(* Let $(M,g)$ be a Riemannian manifold of dimension $n\ge 3$ and let $(M,g,\xi,\gamma,\delta)$ be a $\xi^\flat$-Yamabe soliton, i.e. $\gamma,\delta$ are real constants with $\frac12\mathcal{L}_\xi g=\gamma g+\delta\,\xi^\flat\otimes\xi^\flat$, such that $\xi^\flat$ is a Schrödinger–Ricci harmonic form, i.e. $(\Delta+\mathrm{Ric}_\sharp)(\xi^\flat)=0$. Then either $\delta=0$ (the soliton is a generalized Yamabe soliton) or $\mathrm{div}\,\xi=0$.
   Context: $\xi^\flat=g(\xi,\cdot)$, $\mathrm{Ric}_\sharp(\theta)(X)=\mathrm{Ric}(\theta^\sharp,X)$. $\Delta$ is the operator on $1$-forms which the paper calls the Laplace–Hodge operator, with convention fixed by the identity $\mathrm{div}(\mathcal{L}_Xg)=(\Delta+\mathrm{Ric}_\sharp)(X^\flat)+d(\mathrm{div}X)$ for every vector field $X$ (with $(\mathrm{div}T)(X)=\sum_i(\nabla_{E_i}T)(E_i,X)$ for a symmetric $(0,2)$-tensor $T$). *)

theory Defs
  imports "HOL-Analysis.Analysis"
begin

text \<open>Local-coordinate Riemannian geometry on an open set U of R^n
  (index type 'n, n = CARD('n)). Fields are functions of the point x.\<close>

type_synonym 'n pt = "real ^ 'n"

definition pd :: "'n::finite \<Rightarrow> ('n pt \<Rightarrow> real) \<Rightarrow> 'n pt \<Rightarrow> real" where
  "pd i f x = deriv (\<lambda>t. f (x + t *\<^sub>R axis i 1)) 0"

fun Ck_on :: "nat \<Rightarrow> 'n::finite pt set \<Rightarrow> ('n pt \<Rightarrow> real) \<Rightarrow> bool" where
  "Ck_on 0 U f = continuous_on U f"
| "Ck_on (Suc k) U f = (f differentiable_on U \<and> (\<forall>i. Ck_on k U (pd i f)))"

definition smooth_on :: "'n::finite pt set \<Rightarrow> ('n pt \<Rightarrow> real) \<Rightarrow> bool" where
  "smooth_on U f = (\<forall>k. Ck_on k U f)"

definition riemannian_metric_on :: "'n::finite pt set \<Rightarrow> ('n pt \<Rightarrow> real^'n^'n) \<Rightarrow> bool" where
  "riemannian_metric_on U g =
    ((\<forall>i j. smooth_on U (\<lambda>x. g x $ i $ j)) \<and>
     (\<forall>x\<in>U. \<forall>i j. g x $ i $ j = g x $ j $ i) \<and>
     (\<forall>x\<in>U. \<forall>v. v \<noteq> 0 \<longrightarrow> v \<bullet> (g x *v v) > 0))"

definition smooth_vf_on :: "'n::finite pt set \<Rightarrow> ('n pt \<Rightarrow> real^'n) \<Rightarrow> bool" where
  "smooth_vf_on U X = (\<forall>k. smooth_on U (\<lambda>x. X x $ k))"

definition ginv :: "('n::finite pt \<Rightarrow> real^'n^'n) \<Rightarrow> 'n pt \<Rightarrow> 'n \<Rightarrow> 'n \<Rightarrow> real" where
  "ginv g x i j = matrix_inv (g x) $ i $ j"

definition christoffel :: "('n::finite pt \<Rightarrow> real^'n^'n) \<Rightarrow> 'n \<Rightarrow> 'n \<Rightarrow> 'n \<Rightarrow> 'n pt \<Rightarrow> real" where
  "christoffel g k i j x = (1/2) * (\<Sum>l\<in>UNIV. ginv g x k l *
      (pd i (\<lambda>y. g y $ j $ l) x + pd j (\<lambda>y. g y $ i $ l) x - pd l (\<lambda>y. g y $ i $ j) x))"

definition ricci :: "('n::finite pt \<Rightarrow> real^'n^'n) \<Rightarrow> 'n pt \<Rightarrow> 'n \<Rightarrow> 'n \<Rightarrow> real" where
  "ricci g x i j = (\<Sum>k\<in>UNIV. pd k (christoffel g k i j) x - pd j (christoffel g k i k) x
      + (\<Sum>p\<in>UNIV. christoffel g k k p x * christoffel g p i j x
                  - christoffel g k j p x * christoffel g p i k x))"

text \<open>Musical isomorphisms; 1-forms are represented by their component fields.\<close>
definition flat :: "('n::finite pt \<Rightarrow> real^'n^'n) \<Rightarrow> ('n pt \<Rightarrow> real^'n) \<Rightarrow> 'n pt \<Rightarrow> real^'n" where
  "flat g X x = (\<chi> i. \<Sum>j\<in>UNIV. g x $ i $ j * X x $ j)"

definition sharp :: "('n::finite pt \<Rightarrow> real^'n^'n) \<Rightarrow> ('n pt \<Rightarrow> real^'n) \<Rightarrow> 'n pt \<Rightarrow> real^'n" where
  "sharp g \<theta> x = (\<chi> i. \<Sum>j\<in>UNIV. ginv g x i j * \<theta> x $ j)"

definition lie_g :: "('n::finite pt \<Rightarrow> real^'n^'n) \<Rightarrow> ('n pt \<Rightarrow> real^'n) \<Rightarrow> 'n pt \<Rightarrow> real^'n^'n" where
  "lie_g g X x = (\<chi> i j. \<Sum>k\<in>UNIV. X x $ k * pd k (\<lambda>y. g y $ i $ j) x
       + g x $ k $ j * pd i (\<lambda>y. X y $ k) x + g x $ i $ k * pd j (\<lambda>y. X y $ k) x)"

definition div_vf :: "('n::finite pt \<Rightarrow> real^'n^'n) \<Rightarrow> ('n pt \<Rightarrow> real^'n) \<Rightarrow> 'n pt \<Rightarrow> real" where
  "div_vf g X x = (\<Sum>i\<in>UNIV. pd i (\<lambda>y. X y $ i) x
       + (\<Sum>k\<in>UNIV. christoffel g i i k x * X x $ k))"

definition cov_T :: "('n::finite pt \<Rightarrow> real^'n^'n) \<Rightarrow> ('n pt \<Rightarrow> real^'n^'n) \<Rightarrow> 'n \<Rightarrow> 'n \<Rightarrow> 'n \<Rightarrow> 'n pt \<Rightarrow> real" where
  "cov_T g T i k j x = pd i (\<lambda>y. T y $ k $ j) x
       - (\<Sum>p\<in>UNIV. christoffel g p i k x * T x $ p $ j + christoffel g p i j x * T x $ k $ p)"

text \<open>(div T)(X) = sum over an orthonormal frame of (nabla_{E_i} T)(E_i, X),
  i.e. (div T)_j = g^ik (nabla_i T)_kj.\<close>
definition div_T :: "('n::finite pt \<Rightarrow> real^'n^'n) \<Rightarrow> ('n pt \<Rightarrow> real^'n^'n) \<Rightarrow> 'n pt \<Rightarrow> real^'n" where
  "div_T g T x = (\<chi> j. \<Sum>i\<in>UNIV. \<Sum>k\<in>UNIV. ginv g x i k * cov_T g T i k j x)"

definition ric_sharp :: "('n::finite pt \<Rightarrow> real^'n^'n) \<Rightarrow> ('n pt \<Rightarrow> real^'n) \<Rightarrow> 'n pt \<Rightarrow> real^'n" where
  "ric_sharp g \<theta> x = (\<chi> j. \<Sum>i\<in>UNIV. sharp g \<theta> x $ i * ricci g x i j)"

definition dfun :: "('n::finite pt \<Rightarrow> real) \<Rightarrow> 'n pt \<Rightarrow> real^'n" where
  "dfun f x = (\<chi> j. pd j f x)"

text \<open>The Laplace-Hodge operator on 1-forms with the paper's convention, which is fixed by
  div(L_X g) = (Delta + Ric_sharp)(X^flat) + d(div X) for every X; since every 1-form is
  X^flat for X = theta^sharp, this determines Delta:\<close>
definition laplace_hodge :: "('n::finite pt \<Rightarrow> real^'n^'n) \<Rightarrow> ('n pt \<Rightarrow> real^'n) \<Rightarrow> 'n pt \<Rightarrow> real^'n" where
  "laplace_hodge g \<theta> x = div_T g (lie_g g (sharp g \<theta>)) x - ric_sharp g \<theta> x
       - dfun (div_vf g (sharp g \<theta>)) x"

definition xi_flat_yamabe_soliton :: "'n::finite pt set \<Rightarrow> ('n pt \<Rightarrow> real^'n^'n) \<Rightarrow> ('n pt \<Rightarrow> real^'n) \<Rightarrow> real \<Rightarrow> real \<Rightarrow> bool" where
  "xi_flat_yamabe_soliton U g \<xi> \<gamma> \<delta> =
    (\<forall>x\<in>U. \<forall>i j. (1/2) * lie_g g \<xi> x $ i $ j
        = \<gamma> * g x $ i $ j + \<delta> * flat g \<xi> x $ i * flat g \<xi> x $ j)"

definition schroedinger_ricci_harmonic :: "'n::finite pt set \<Rightarrow> ('n pt \<Rightarrow> real^'n^'n) \<Rightarrow> ('n pt \<Rightarrow> real^'n) \<Rightarrow> bool" where
  "schroedinger_ricci_harmonic U g \<theta> = (\<forall>x\<in>U. laplace_hodge g \<theta> x + ric_sharp g \<theta> x = 0)"

end

theory Submission
  imports Defs
begin

(* Tracing the soliton equation gives div \<xi> = n \<gamma> + \<delta> |\<xi>|^2. As g is parallel,
   div (L_\<xi> g) = 2 \<delta> div (\<xi>^flat \<otimes> \<xi>^flat) = 2 \<delta> ((div \<xi>) \<xi>^flat + \<nabla>_\<xi> \<xi>^flat),
   while d (div \<xi>) = \<delta> d |\<xi>|^2. For harmonic \<xi>^flat the identity defining the Laplace-Hodge
   operator reduces to div (L_\<xi> g) = d (div \<xi>); evaluating it on \<xi> and using
   \<xi> (|\<xi>|^2) = 2 g (\<nabla>_\<xi> \<xi>, \<xi>) leaves \<delta> (div \<xi>) |\<xi>|^2 = 0. So for \<delta> \<noteq> 0 the divergence
   vanishes wherever \<xi> does not. At a zero of \<xi> it equals n \<gamma>; if \<gamma> \<noteq> 0, then |\<xi>|^2 takes
   only the values 0 and -n \<gamma>/\<delta>, so by continuity \<xi> vanishes near that zero, and there the
   soliton equation reads \<gamma> g = 0, which is absurd. *)

lemma has_real_derivative_pd:
  fixes f :: "'n::finite pt \<Rightarrow> real"
  assumes "f differentiable (at x)"
  shows "((\<lambda>t. f (x + t *\<^sub>R axis i 1)) has_real_derivative pd i f x) (at 0)"
proof -
  have "(\<lambda>t. f (x + t *\<^sub>R axis i 1)) differentiable (at 0)"
    using differentiable_chain_at[of "\<lambda>t::real. x + t *\<^sub>R axis i 1" 0 f] assms
    by (simp add: o_def)
  then show ?thesis
    unfolding pd_def using DERIV_deriv_iff_real_differentiable by blast
qed

lemma pd_eqI:
  "((\<lambda>t. f (x + t *\<^sub>R axis i 1)) has_real_derivative D) (at 0) \<Longrightarrow> pd i f x = D"
  unfolding pd_def by (rule DERIV_imp_deriv)

lemma pd_const [simp]: "pd i (\<lambda>y. c) x = 0"
  by (rule pd_eqI) simp

lemma pd_add:
  assumes "f differentiable (at x)" "h differentiable (at x)"
  shows "pd i (\<lambda>y. f y + h y) x = pd i f x + pd i h x"
  by (rule pd_eqI) (intro DERIV_add has_real_derivative_pd assms)

lemma pd_mult:
  assumes "f differentiable (at x)" "h differentiable (at x)"
  shows "pd i (\<lambda>y. f y * h y) x = pd i f x * h x + f x * pd i h x"
proof (rule pd_eqI)
  show "((\<lambda>t. f (x + t *\<^sub>R axis i 1) * h (x + t *\<^sub>R axis i 1))
          has_real_derivative pd i f x * h x + f x * pd i h x) (at 0)"
    using DERIV_mult[OF has_real_derivative_pd[OF assms(1)] has_real_derivative_pd[OF assms(2)]]
    by (simp add: mult.commute)
qed

lemma pd_sum:
  assumes "\<And>l. l \<in> A \<Longrightarrow> F l differentiable (at x)"
  shows "pd i (\<lambda>y. \<Sum>l\<in>A. F l y) x = (\<Sum>l\<in>A. pd i (F l) x)"
  by (rule pd_eqI) (intro DERIV_sum has_real_derivative_pd assms)

lemma pd_cong_open:
  assumes "open U" "x \<in> U" "\<And>y. y \<in> U \<Longrightarrow> f y = h y"
  shows "pd i f x = pd i h x"
proof -
  have "continuous (at 0) (\<lambda>t::real. x + t *\<^sub>R axis i 1)"
    by (intro continuous_intros)
  then have "eventually (\<lambda>t. x + t *\<^sub>R axis i 1 \<in> U) (nhds 0)"
    using assms(1,2) unfolding continuous_at eventually_nhds_conv_at
    by (simp add: tendsto_def)
  then have "eventually (\<lambda>t. f (x + t *\<^sub>R axis i 1) = h (x + t *\<^sub>R axis i 1)) (nhds 0)"
    by (rule eventually_mono) (simp add: assms(3))
  then show ?thesis unfolding pd_def by (rule deriv_cong_ev) simp
qed

lemma smooth_on_differentiable_at:
  assumes "smooth_on U f" "open U" "x \<in> U"
  shows "f differentiable (at x)"
proof -
  have "Ck_on 1 U f" using assms(1) unfolding smooth_on_def by blast
  then show ?thesis using assms(2,3) differentiable_on_eq_differentiable_at by auto
qed

(* The data of a metric and a vector field at one point: G, H and dG i j k are g_ij, g^ij and
   \<partial>_i g_jk, X and dX i k are \<xi>^k and \<partial>_i \<xi>^k. In this notation Gamma1 i k l = g(\<nabla>_i \<partial>_k, \<partial>_l),
   \<theta> = \<xi>^flat, nabla\<theta> i k = (\<nabla>_i \<theta>)_k, and nabla2 and div2 compute the covariant derivative and the
   divergence of a (0,2)-tensor from its value T and its partials dT i k j = \<partial>_i T_kj. *)
locale metric_jet =
  fixes G H :: "'n::finite \<Rightarrow> 'n \<Rightarrow> real"
    and dG :: "'n \<Rightarrow> 'n \<Rightarrow> 'n \<Rightarrow> real"
    and X :: "'n \<Rightarrow> real"
    and dX :: "'n \<Rightarrow> 'n \<Rightarrow> real"
  assumes G_sym: "G i j = G j i"
    and H_sym: "H i j = H j i"
    and H_inverse: "(\<Sum>k\<in>UNIV. H i k * G k j) = (if i = j then 1 else 0)"
    and dG_sym: "dG i j k = dG i k j"
begin

definition g_trace :: "('n \<Rightarrow> 'n \<Rightarrow> real) \<Rightarrow> real" where
  "g_trace T = (\<Sum>i\<in>UNIV. \<Sum>k\<in>UNIV. H i k * T i k)"

definition Gamma1 :: "'n \<Rightarrow> 'n \<Rightarrow> 'n \<Rightarrow> real" where
  "Gamma1 i k l = 1/2 * (dG i k l + dG k i l - dG l i k)"

definition Gamma2 :: "'n \<Rightarrow> 'n \<Rightarrow> 'n \<Rightarrow> real" where
  "Gamma2 p i k = 1/2 * (\<Sum>l\<in>UNIV. H p l * (dG i k l + dG k i l - dG l i k))"

definition \<theta> :: "'n \<Rightarrow> real" where
  "\<theta> k = (\<Sum>l\<in>UNIV. G k l * X l)"

definition d\<theta> :: "'n \<Rightarrow> 'n \<Rightarrow> real" where
  "d\<theta> i k = (\<Sum>l\<in>UNIV. dG i k l * X l + G k l * dX i l)"

definition nabla\<theta> :: "'n \<Rightarrow> 'n \<Rightarrow> real" where
  "nabla\<theta> i k = d\<theta> i k - (\<Sum>m\<in>UNIV. X m * Gamma1 i k m)"

definition lie :: "'n \<Rightarrow> 'n \<Rightarrow> real" where
  "lie k j = (\<Sum>m\<in>UNIV. X m * dG m k j + G m j * dX k m + G k m * dX j m)"

definition divergence :: real where
  "divergence = (\<Sum>i\<in>UNIV. dX i i + (\<Sum>k\<in>UNIV. Gamma2 i i k * X k))"

definition sq_norm :: real where
  "sq_norm = (\<Sum>a\<in>UNIV. \<Sum>b\<in>UNIV. G a b * X a * X b)"

definition d_sq_norm :: "'n \<Rightarrow> real" where
  "d_sq_norm j = (\<Sum>a\<in>UNIV. \<Sum>b\<in>UNIV. dG j a b * X a * X b + G a b * (dX j a * X b + X a * dX j b))"

definition nabla2 :: "('n \<Rightarrow> 'n \<Rightarrow> 'n \<Rightarrow> real) \<Rightarrow> ('n \<Rightarrow> 'n \<Rightarrow> real) \<Rightarrow> 'n \<Rightarrow> 'n \<Rightarrow> 'n \<Rightarrow> real" where
  "nabla2 dT T i k j = dT i k j - (\<Sum>p\<in>UNIV. Gamma2 p i k * T p j + Gamma2 p i j * T k p)"

definition div2 :: "('n \<Rightarrow> 'n \<Rightarrow> 'n \<Rightarrow> real) \<Rightarrow> ('n \<Rightarrow> 'n \<Rightarrow> real) \<Rightarrow> 'n \<Rightarrow> real" where
  "div2 dT T j = (\<Sum>i\<in>UNIV. \<Sum>k\<in>UNIV. H i k * nabla2 dT T i k j)"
**********
_ACTIVITY_
Every line that contains the string "using" should be copied from the entries.

_OUTPUT FOR THIS TASK_
   operator reduces to div (L_\<xi> g) = d (div \<xi>); evaluating it on \<xi> and using
    using differentiable_chain_at[of "\<lambda>t::real. x + t *\<^sub>R axis i 1" 0 f] assms
    unfolding pd_def using DERIV_deriv_iff_real_differentiable by blast
    using DERIV_mult[OF has_real_derivative_pd[OF assms(1)] has_real_derivative_pd[OF assms(2)]]
    using assms(1,2) unfolding continuous_at eventually_nhds_conv_at
  have "Ck_on 1 U f" using assms(1) unfolding smooth_on_def by blast
  then show ?thesis using assms(2,3) differentiable_on_eq_differentiable_at by auto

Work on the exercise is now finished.